Sometimes, the player might have to keep a card that they or their partner need in their hand, to force a player to play another card that they also need.

If someone is passing, and a player has to play a card for an opponent (especially a 3), they should try to play cards for the one passing. That way, they make sure that the others will be forced to play cards which benefit the player.

It is helpful to see how many cards each player has before playing a card in the late game.

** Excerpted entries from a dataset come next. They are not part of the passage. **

lemma proper_col_W_col:
  assumes "t < n"
    and comp: "\<And>j. j < t \<Longrightarrow> proper_col (sub_verts V (Ss j)) (sub_edges E (Ss j) - X j) n (cc j)"
    and above: "\<And>j w. j < t \<Longrightarrow> w \<in> fwd (Ss j) \<Longrightarrow> j \<le> cc j (Inr w)"
    and removed: "\<And>j e. j < t \<Longrightarrow> e \<in> X j \<Longrightarrow> (\<lambda>x. Inl (j, x)) ` e \<in> R"
  shows "proper_col (W_verts V t Ss) (W_edges E t Ss - R) n (W_col t cc)"
  unfolding proper_col_def
proof (intro conjI allI impI ballI)
  fix z assume "z \<in> W_verts V t Ss"
  then consider j x where "j < t" "x \<in> sub_verts V (Ss j)" "z = Inl (j, x)" | xs where "z = Inr xs"
    by (auto simp: W_verts_def)
  then show "W_col t cc z < n"
  proof cases
    case 1
    then show ?thesis using comp by (simp add: proper_col_def)
  next
    case 2
    then show ?thesis using W_col_Inr_le[of t cc xs] \<open>t < n\<close> by simp
  qed
next
  fix p q assume pq: "{p, q} \<in> W_edges E t Ss - R"
  then have "{p, q} \<in> W_edges E t Ss" by simp
  then show "W_col t cc p \<noteq> W_col t cc q"
  proof (cases rule: W_edges_memE)
    case (component j e)
    let ?f = "\<lambda>x. Inl (j, x)"
    have "e \<notin> X j"
    proof
      assume "e \<in> X j"
      then have "?f ` e \<in> R" by (rule removed[OF component(1)])
      then show False using pq component(3) by simp
    qed
    moreover have "p \<in> ?f ` e" "q \<in> ?f ` e" unfolding component(3)[symmetric] by simp_all
    then obtain a b where ab: "p = Inl (j, a)" "q = Inl (j, b)" by blast
    have "x \<in> e \<longleftrightarrow> Inl (j, x) \<in> {p, q}" for x using component(3) by auto
    then have "e = {a, b}" using ab by auto
    ultimately have "{a, b} \<in> sub_edges E (Ss j) - X j" using component(2) by simp
    then show ?thesis using proper_colD[OF comp[OF component(1)]] ab by simp
  next
    case (active j xs)
    have "\<forall>l<t. l \<le> cc l (Inr (xs ! l))" using above active(2) by (auto simp: active_def)
    then have "W_col t cc (Inr xs) \<noteq> cc j (Inr (xs ! j))" using active(1) by (rule W_col_Inr_neq)
    then show ?thesis using active(3) by (auto simp: doubleton_eq_iff)
  qed
qed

In partners, 2nd and 3rd are the same as 1st and 4th, so players do not need to risk the game if they not sure that their partner will be first.

==Variations==

The following are some common Trex variations:

- Some play that in the first three contracts, a player who is unable to follow suit must discard a penalty card (king of hearts in contract 1, diamond in contract 2, queen in contract 3) if they have one.
- Some players interchange the scores for diamonds (each diamond costs 10 points) and slapping (each trick costs 15 points).
- Some players reverse all the scores, giving positive points for the first four contracts and negative points for Trex. The object is then to have as low a score as possible at the end. Clearly this makes no difference to the way the game is played.
- Some play the contracts in a different order. For example: trix, girls 3asba, king of hearts, diamonds, collection.
- Trex is sometimes played as a partnership game, partners sitting opposite each other. The game is played the same way - each player gets a turn to choose contracts. There are two differences: (1) in the contract "Trex", after each player has had their first turn, all players must put any 2's that they hold face up on the table, so that everyone knows who has them and (2) scores are kept in terms of teams not individuals.
- It can be agreed in advance that when (King of Hearts) or (Girls) is announced, any player who holds a penalty card can place it face up on the table before the first lead. In this case the player who takes the card in a trick loses twice as much (-150 for the king of hearts, -50 for a queen) and the player who held the card scores +75 for the king of hearts or +25 for a queen.
- Trex Complex is a recent variant in which a dealer can play two or more of the first four contracts at the same time. In this case all the penalty cards and tricks from the contracts being played are scored in that deal. The number of deals is reduced accordingly - for example if a dealer starts by playing Diamonds, Girls and Collection together, then he has only two more deals, which must be King of Hearts and Trex (in either order). This variation is not recommended since it increases the luck factor - a player who is fortunate to deal himself a hand full of low cards can get a huge score by playing contracts 1-4 all at once.
- In Palestine and Jordan Trix complex refers only to the game when all four contracts are played at once while Trix is separate. When combining contracts according to desire of the king of the game, the game is called Trix Combination.